··· Task material ···

(* Let $M,\Xi\in\mathbb{R}^{\ell\times\ell}$ be symmetric positive semidefinite, suppose $\operatorname{range}(M)=\mathbb{R}^J:=\operatorname{span}\{e_i:i\in J\}$ for some $J\subseteq\{1,\dots,\ell\}$, $\|\Xi\|_{op}\le\lambda_{\min}(M_{(J)})/2$, and $M+\Xi$ is invertible. Then for $x\in\operatorname{range}(M)$, \[ \big|x^\top(M+\Xi)^{-1}x-x_{(J)}^\top M_{(J)}^{-1}x_{(J)}\big|\le2\|M_{(J)}^{-1}\|_{op}^2\,\|\Xi\|_{op}\,\|x\|^2, \] while for $x\notin\operatorname{range}(M)$, \[ x^\top(M+\Xi)^{-1}x\ge\frac{1}{2\|\Xi\|_{op}}\|x_{(J^c)}\|^2 . \]
   Context: For a vector $x$ and index set $J$, $x_{(J)}$ is the restriction of $x$ to the coordinates in $J$; for a matrix $M$, $M_{(J)}$ is the principal submatrix on $J\times J$; $J^c$ is the complement of $J$; $\lambda_{\min}$ denotes the smallest eigenvalue. *)

theory Defs
  imports Complex_Main "Jordan_Normal_Form.DL_Submatrix" "Jordan_Normal_Form.Char_Poly"
begin

definition sym_psd :: "nat \<Rightarrow> real mat \<Rightarrow> bool" where
  "sym_psd n A \<longleftrightarrow> A \<in> carrier_mat n n \<and> transpose_mat A = A \<and>
     (\<forall>v \<in> carrier_vec n. 0 \<le> v \<bullet> (A *\<^sub>v v))"

definition vnorm :: "real vec \<Rightarrow> real" where
  "vnorm v = sqrt (v \<bullet> v)"

definition op_norm :: "real mat \<Rightarrow> real" where
  "op_norm A = Sup {vnorm (A *\<^sub>v v) | v. v \<in> carrier_vec (dim_col A) \<and> vnorm v \<le> 1}"

definition lambda_min :: "real mat \<Rightarrow> real" where
  "lambda_min A = Min {k. eigenvalue A k}"

definition mat_inv :: "real mat \<Rightarrow> real mat" where
  "mat_inv A = (SOME B. B \<in> carrier_mat (dim_row A) (dim_row A) \<and>
       A * B = 1\<^sub>m (dim_row A) \<and> B * A = 1\<^sub>m (dim_row A))"

definition mat_range :: "real mat \<Rightarrow> real vec set" where
  "mat_range A = {A *\<^sub>v y | y. y \<in> carrier_vec (dim_col A)}"

definition coord_subspace :: "nat \<Rightarrow> nat set \<Rightarrow> real vec set" where
  "coord_subspace n J = {x \<in> carrier_vec n. \<forall>i<n. i \<notin> J \<longrightarrow> x $ i = 0}"

(* restriction x_(J) of x to coordinates in J (in increasing order), matching submatrix *)
definition restrict_vec :: "real vec \<Rightarrow> nat set \<Rightarrow> real vec" where
  "restrict_vec x J = vec (card {i. i < dim_vec x \<and> i \<in> J}) (\<lambda>i. x $ pick J i)"

end

theory Submission
  imports Defs
begin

···

__Problem details__. Transcribe the lines above precisely, keeping each one unchanged.

__Solution to this exercise__.
(* Let $M,\Xi\in\mathbb{R}^{\ell\times\ell}$ be symmetric positive semidefinite, suppose $\operatorname{range}(M)=\mathbb{R}^J:=\operatorname{span}\{e_i:i\in J\}$ for some $J\subseteq\{1,\dots,\ell\}$, $\|\Xi\|_{op}\le\lambda_{\min}(M_{(J)})/2$, and $M+\Xi$ is invertible. Then for $x\in\operatorname{range}(M)$, \[ \big|x^\top(M+\Xi)^{-1}x-x_{(J)}^\top M_{(J)}^{-1}x_{(J)}\big|\le2\|M_{(J)}^{-1}\|_{op}^2\,\|\Xi\|_{op}\,\|x\|^2, \] while for $x\notin\operatorname{range}(M)$, \[ x^\top(M+\Xi)^{-1}x\ge\frac{1}{2\|\Xi\|_{op}}\|x_{(J^c)}\|^2 . \]
   Context: For a vector $x$ and index set $J$, $x_{(J)}$ is the restriction of $x$ to the coordinates in $J$; for a matrix $M$, $M_{(J)}$ is the principal submatrix on $J\times J$; $J^c$ is the complement of $J$; $\lambda_{\min}$ denotes the smallest eigenvalue. *)

theory Defs
  imports Complex_Main "Jordan_Normal_Form.DL_Submatrix" "Jordan_Normal_Form.Char_Poly"
begin

definition sym_psd :: "nat \<Rightarrow> real mat \<Rightarrow> bool" where
  "sym_psd n A \<longleftrightarrow> A \<in> carrier_mat n n \<and> transpose_mat A = A \<and>
     (\<forall>v \<in> carrier_vec n. 0 \<le> v \<bullet> (A *\<^sub>v v))"

definition vnorm :: "real vec \<Rightarrow> real" where
  "vnorm v = sqrt (v \<bullet> v)"

definition op_norm :: "real mat \<Rightarrow> real" where
  "op_norm A = Sup {vnorm (A *\<^sub>v v) | v. v \<in> carrier_vec (dim_col A) \<and> vnorm v \<le> 1}"

definition lambda_min :: "real mat \<Rightarrow> real" where
  "lambda_min A = Min {k. eigenvalue A k}"

definition mat_inv :: "real mat \<Rightarrow> real mat" where
  "mat_inv A = (SOME B. B \<in> carrier_mat (dim_row A) (dim_row A) \<and>
       A * B = 1\<^sub>m (dim_row A) \<and> B * A = 1\<^sub>m (dim_row A))"

definition mat_range :: "real mat \<Rightarrow> real vec set" where
  "mat_range A = {A *\<^sub>v y | y. y \<in> carrier_vec (dim_col A)}"

definition coord_subspace :: "nat \<Rightarrow> nat set \<Rightarrow> real vec set" where
  "coord_subspace n J = {x \<in> carrier_vec n. \<forall>i<n. i \<notin> J \<longrightarrow> x $ i = 0}"

(* restriction x_(J) of x to coordinates in J (in increasing order), matching submatrix *)
definition restrict_vec :: "real vec \<Rightarrow> nat set \<Rightarrow> real vec" where
  "restrict_vec x J = vec (card {i. i < dim_vec x \<and> i \<in> J}) (\<lambda>i. x $ pick J i)"

end

theory Submission
  imports Defs
begin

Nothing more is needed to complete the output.